GESPRÄCHE MIT EINER TRAUERWEIDE
GESPRÄCHE MIT EINER TRAUERWEIDE (1)
Um der Trauerweide zu begegnen,
ging ich den leichten Hügel hinauf.
Ihre Umrisse sah ich golden schimmernd.
Darf ich dich kennen lernen? fragte ich sie
und bot ihr helle Energien
aus meinen Handflächen
als Geschenk.
Sie sagte, sie warte schon lange.
Ich fühlte ihre Aura, mich umhüllend,
warm und beschützend.
und zärtlich zugleich,
zuneigend auf bedingungslose Art,
nicht wertend.
Liebend, was sich ihr anvertraut.
Die Weide ließ mich in ihr Wesen ein,
so dass es war, als sei ich sie:
Energien durchströmen mich.
Ich stehe.
Ich gewähre.
Ich bin.
Ich fühle meine Verbundenheit
mit dem Zentrum der Erde.
Meine Wurzeln sind wie Fühler
ins Erdinnere.
Der Erde gegenüber fühle ich mich klein,
und dennoch von ihr wahrgenommen,
ernst genommen.
Ich bin Teil der Erde.
Ich bin ein Baum
mit einer besonderen Kraft
und der Weisheit vieler alter Bäume
aus Jahrtausenden.
Meine Aufgabe ist Wandlung,
Altes umzuwandeln in Neues
oder in etwas, aus dem Neues werden kann,
unsauberes Wasser im Boden umzuwandeln
in sauberes,
unbekömmliche Energien um euch und mich herum
umzuwandeln in
helle, frische, freundliche Energie.
Links von mir, dort, wohin meine Äste zeigen,
befindet sich eine Wasserkreuzung,
eine ideale Stelle für Energieumwandlung.
Ich sammle Energien, ich transformiere sie
und gebe sie ab.
Kannst du mir etwas über die Menschen
in deiner Nähe sagen?
fragte ich die Weide.
Das äußere Erscheinungsbild der Natur
ist den Menschen hier wichtiger
als unser Inneres.
Sie gebrauchen die Natur, was in Ordnung ist,
aber sie haben keinen Zugang
zu unserem Bewusstsein.
Sie sehen unseren Nutzen, unsere Schönheit,
und finden Gefallen daran,
aber sie nehmen mich
und die anderen pflanzlichen Lebewesen
nicht wahr als Wesen, die sie achten sollten.
Sie nehmen uns nicht in unserer wahren Größe,
unserem vieldimensionalen Umfang wahr.
Ich stehe hier als Baum, als Weide,
aber ich fühle die Verbundenheit mit allem.
Wie feine Nervenbahnen stelle dir die Energien vor
zwischen mir und den Feldern um mich herum,
den Bäumen in meiner Nähe,
den Blumen, dem Gras, den wild lebenden Tieren,
den Menschen und sogar den Gebäuden.
Es sieht nur so aus,
als seien wir getrennt voneinander.
Du kannst dir aber vorstellen,
dass sich zwischen allen in dieser Umgebung
etwas wie Telefonleitungen befinden,
über die wir kommunizieren.
Spüre die Größe
unserer miteinander verbundenen Energien.

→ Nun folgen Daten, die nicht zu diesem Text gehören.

lemma par_space_powr_weight_measurable:
  assumes u: "par_space s1 s2 B \<nu> \<omega> u Du" and B: "open B"
    and \<upsilon>: "\<upsilon> \<in> borel_measurable (lebesgue_on B)"
  shows "(\<lambda>(x, t). \<bar>u x t\<bar> powr p * \<upsilon> x) \<in> borel_measurable (lebesgue_on (B \<times> {s1<..<s2}))"
proof -
  have "(\<lambda>(x, t). u x t) \<in> borel_measurable (lebesgue_on (B \<times> {s1<..<s2}))"
    using u B by (simp add: par_space_def measurable_on_iff_borel_measurable open_imp_sets_lebesgue open_Times)
  moreover have "(\<lambda>z. \<upsilon> (fst z)) \<in> borel_measurable (lebesgue_on (B \<times> {s1<..<s2}))"
    using \<upsilon> B by (intro borel_measurable_lebesgue_on_fst open_imp_sets_lebesgue)
  ultimately show ?thesis by (simp add: case_prod_beta') measurable
qed

lemma par_space_slices_interpolation:
  fixes x0 :: "'a::euclidean_space" and \<rho> s1 s2 \<kappa> \<gamma>1 Y :: real
    and \<nu> \<omega> \<upsilon> :: "'a \<Rightarrow> real" and A :: "real \<Rightarrow> 'a set"
    and u :: "'a \<Rightarrow> real \<Rightarrow> real" and Du :: "'a \<Rightarrow> real \<Rightarrow> 'a"
  defines "B \<equiv> ball x0 \<rho>" and "I \<equiv> {s1<..<s2}"
  defines "C \<equiv> wmeas \<upsilon> B * \<gamma>1\<^sup>2 * \<rho>\<^sup>2 * (1 / wmeas \<nu> B) powr (\<kappa> - 1) * Y powr (\<kappa> - 1) *
      (1 / wmeas \<omega> B)"
  assumes rho: "0 < \<rho>" and kappa: "1 < \<kappa>"
    and weights: "weight \<nu>" "weight \<omega>" "weight \<upsilon>"
    and interp: "weighted_interpolation x0 \<rho> \<kappa> \<gamma>1 \<nu> \<omega> \<upsilon>"
    and A: "\<And>t. t \<in> I \<Longrightarrow> A t \<in> sets lebesgue \<and> A t \<subseteq> B"
    and Y: "\<And>t. t \<in> I \<Longrightarrow> integral (A t) (\<lambda>x. (u x t)\<^sup>2 * \<nu> x) \<le> Y"
    and u: "par_space s1 s2 B \<nu> \<omega> u Du"
  shows "AE t in lborel.
      (\<integral>\<^sup>+x. ennreal (indicator {(x, t). t \<in> I \<and> x \<in> A t} (x, t) * (\<bar>u x t\<bar> powr (2 * \<kappa>) * \<upsilon> x)) \<partial>lebesgue)
      \<le> (\<integral>\<^sup>+x. ennreal (indicator (B \<times> I) (x, t) * (C * ((norm (Du x t))\<^sup>2 * \<omega> x))) \<partial>lebesgue)"
proof -
  have "AE t in lborel. t \<in> I \<longrightarrow> W120 B \<nu> \<omega> (\<lambda>x. u x t) (\<lambda>x. Du x t)"
    using u by (simp add: par_space_def I_def AE_completion_iff)
  then show ?thesis
  proof eventually_elim
    case (elim t)
    show ?case
    proof (cases "t \<in> I")
      case True
      then have "(\<integral>\<^sup>+x. ennreal (indicator {(x, t). t \<in> I \<and> x \<in> A t} (x, t) *
            (\<bar>u x t\<bar> powr (2 * \<kappa>) * \<upsilon> x)) \<partial>lebesgue)
          = (\<integral>\<^sup>+x. ennreal (indicator (A t) x * (\<bar>u x t\<bar> powr (2 * \<kappa>) * \<upsilon> x)) \<partial>lebesgue)"
        by (simp add: indicator_def)
      also have "\<dots> \<le> (\<integral>\<^sup>+x. ennreal (indicator B x * (C * ((norm (Du x t))\<^sup>2 * \<omega> x))) \<partial>lebesgue)"
        using interpolation_W120_le_sup[OF rho kappa weights interp _ _ _ Y[OF True]] A[OF True] elim True
        by (simp add: C_def B_def)
      also have "\<dots> = (\<integral>\<^sup>+x. ennreal (indicator (B \<times> I) (x, t) * (C * ((norm (Du x t))\<^sup>2 * \<omega> x))) \<partial>lebesgue)"
        using True by (simp add: indicator_def)
      finally show ?thesis .
    qed (simp add: indicator_def)
  qed
qed

lemma parabolic_interpolation:
  fixes x0 :: "'a::euclidean_space" and \<rho> s1 s2 :: real
    and \<nu> \<omega> \<upsilon> :: "'a \<Rightarrow> real" and A :: "real \<Rightarrow> 'a set"
    and u :: "'a \<Rightarrow> real \<Rightarrow> real" and Du :: "'a \<Rightarrow> real \<Rightarrow> 'a"
  defines "B \<equiv> ball x0 \<rho>" and "I \<equiv> {s1<..<s2}"
  assumes rho: "0 < \<rho>" and kappa: "1 < \<kappa>"
    and weights: "weight \<nu>" "weight \<omega>" "weight \<upsilon>"
    and interp: "weighted_interpolation x0 \<rho> \<kappa> \<gamma>1 \<nu> \<omega> \<upsilon>"
    and A: "\<And>t. t \<in> I \<Longrightarrow> A t \<in> sets lebesgue"
    and E_def: "E = {(x, t). t \<in> I \<and> x \<in> A t}"
    and E: "E \<in> sets lebesgue" "E \<subseteq> B \<times> I"
    and u: "par_space s1 s2 B \<nu> \<omega> u Du"
  shows "(\<lambda>(x, t). \<bar>u x t\<bar> powr (2 * \<kappa>) * \<upsilon> x) integrable_on E \<and>
      (1 / wmeas \<upsilon> B) * integral E (\<lambda>(x, t). \<bar>u x t\<bar> powr (2 * \<kappa>) * \<upsilon> x)
      \<le> \<gamma>1\<^sup>2 * \<rho>\<^sup>2 * (1 / wmeas \<nu> B) powr (\<kappa> - 1) *
         (SUP t\<in>I. integral (A t) (\<lambda>x. (u x t)\<^sup>2 * \<nu> x)) powr (\<kappa> - 1) *
         ((1 / wmeas \<omega> B) * integral (B \<times> I) (\<lambda>(x, t). (norm (Du x t))\<^sup>2 * \<omega> x))"
proof -
  have B: "B \<in> sets lebesgue" and BI: "B \<times> I \<in> sets lebesgue"
    unfolding B_def I_def by (simp_all add: open_imp_sets_lebesgue open_Times)
  have A_sub: "A t \<in> sets lebesgue \<and> A t \<subseteq> B" if "t \<in> I" for t
    using A[OF that] E that unfolding E_def by auto
  have \<nu>_meas: "\<nu> \<in> borel_measurable (lebesgue_on B)" and \<upsilon>_meas: "\<upsilon> \<in> borel_measurable (lebesgue_on B)"
    using weight_absolutely_integrable_on_ball[OF weights(1)] weight_absolutely_integrable_on_ball[OF weights(3)] B
    by (simp_all add: B_def absolutely_integrable_measurable)
  define Y where "Y = (SUP t\<in>I. integral (A t) (\<lambda>x. (u x t)\<^sup>2 * \<nu> x))"
  define C where "C = wmeas \<upsilon> B * \<gamma>1\<^sup>2 * \<rho>\<^sup>2 * (1 / wmeas \<nu> B) powr (\<kappa> - 1) * Y powr (\<kappa> - 1) *
      (1 / wmeas \<omega> B)"
  define f where "f = (\<lambda>(x, t). \<bar>u x t\<bar> powr (2 * \<kappa>) * \<upsilon> x)"
  define g where "g = (\<lambda>(x, t). C * ((norm (Du x t))\<^sup>2 * \<omega> x))"
  have \<upsilon>_pos: "0 < wmeas \<upsilon> B" using wmeas_ball_pos[OF weights(3) rho] by (simp add: B_def)
  have "0 \<le> C"
    using \<upsilon>_pos wmeas_ball_pos[OF weights(2) rho]
    unfolding C_def B_def by (intro mult_nonneg_nonneg) (simp_all add: less_imp_le)
  have "bdd_above ((\<lambda>t. integral (A t) (\<lambda>x. (u x t)\<^sup>2 * \<nu> x)) ` I)"
    unfolding I_def
    by (rule par_space_slice_L2_bdd_above[OF u B weight_nonneg_AE[OF weights(1)] \<nu>_meas])
      (use A_sub in \<open>simp add: I_def\<close>)
  then have "integral (A t) (\<lambda>x. (u x t)\<^sup>2 * \<nu> x) \<le> Y" if "t \<in> I" for t
    unfolding Y_def using that by (rule cSUP_upper2) simp
  then have slices: "AE t in lborel. (\<integral>\<^sup>+x. ennreal (indicator E (x, t) * f (x, t)) \<partial>lebesgue)
      \<le> (\<integral>\<^sup>+x. ennreal (indicator (B \<times> I) (x, t) * g (x, t)) \<partial>lebesgue)"
    using par_space_slices_interpolation[where A = A and Y = Y,
        OF rho kappa weights interp A_sub[unfolded B_def I_def] _ u[unfolded B_def]]
    unfolding E_def f_def g_def C_def B_def I_def by simp
  have "(\<lambda>(x, t). (norm (Du x t))\<^sup>2 * \<omega> x) integrable_on B \<times> I"
    using u unfolding par_space_def B_def I_def by blast
  from integrable_on_cmult_left[OF this, of C]
  have g_int: "g integrable_on B \<times> I" by (simp add: g_def case_prod_beta')
  have "f \<in> borel_measurable (lebesgue_on E)"
    using par_space_powr_weight_measurable[OF u open_ball[of x0 \<rho>, folded B_def] \<upsilon>_meas] E(2)
    unfolding f_def I_def by (rule measurable_restrict_mono)
  moreover have "AE z in lebesgue. z \<in> E \<longrightarrow> 0 \<le> f z"
    using AE_lebesgue_fst[OF weight_nonneg_AE[OF weights(3)]] by eventually_elim (auto simp: f_def)
  moreover have "AE z in lebesgue. z \<in> B \<times> I \<longrightarrow> 0 \<le> g z"
    using AE_lebesgue_fst[OF weight_nonneg_AE[OF weights(2)]]
    by eventually_elim (use \<open>0 \<le> C\<close> in \<open>auto simp: g_def\<close>)
  ultimately have fg: "f integrable_on E" "integral E f \<le> integral (B \<times> I) g"
    using integral_le_by_slices[OF E(1) BI _ _ g_int _ slices] by blast+
  have "(1 / wmeas \<upsilon> B) * integral E f \<le> (1 / wmeas \<upsilon> B) * integral (B \<times> I) g"
    using fg(2) \<upsilon>_pos by (intro mult_left_mono) auto
  also have "\<dots> = \<gamma>1\<^sup>2 * \<rho>\<^sup>2 * (1 / wmeas \<nu> B) powr (\<kappa> - 1) * Y powr (\<kappa> - 1) *
      ((1 / wmeas \<omega> B) * integral (B \<times> I) (\<lambda>(x, t). (norm (Du x t))\<^sup>2 * \<omega> x))"
    using \<upsilon>_pos by (simp add: g_def C_def case_prod_beta')
  finally show ?thesis using fg(1) unfolding f_def Y_def by blast
qed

Wenn du jeden Baum, jede Pflanze einzeln siehst,
scheinen sie klein,
vielleicht unbedeutend,
aber wenn du uns alle
in unserer Verbundenheit betrachtest,
erhältst du ein immer größeres Bild,
ein immer größeres Bewusstsein vom Ganzen.
Du spürst dann, dass wir alle zusammen
wie ein Gewebe sind:
Wenn du an einer Stelle des Gewebes ziehst,
bewegt sich das Ganze mit, verändert sich.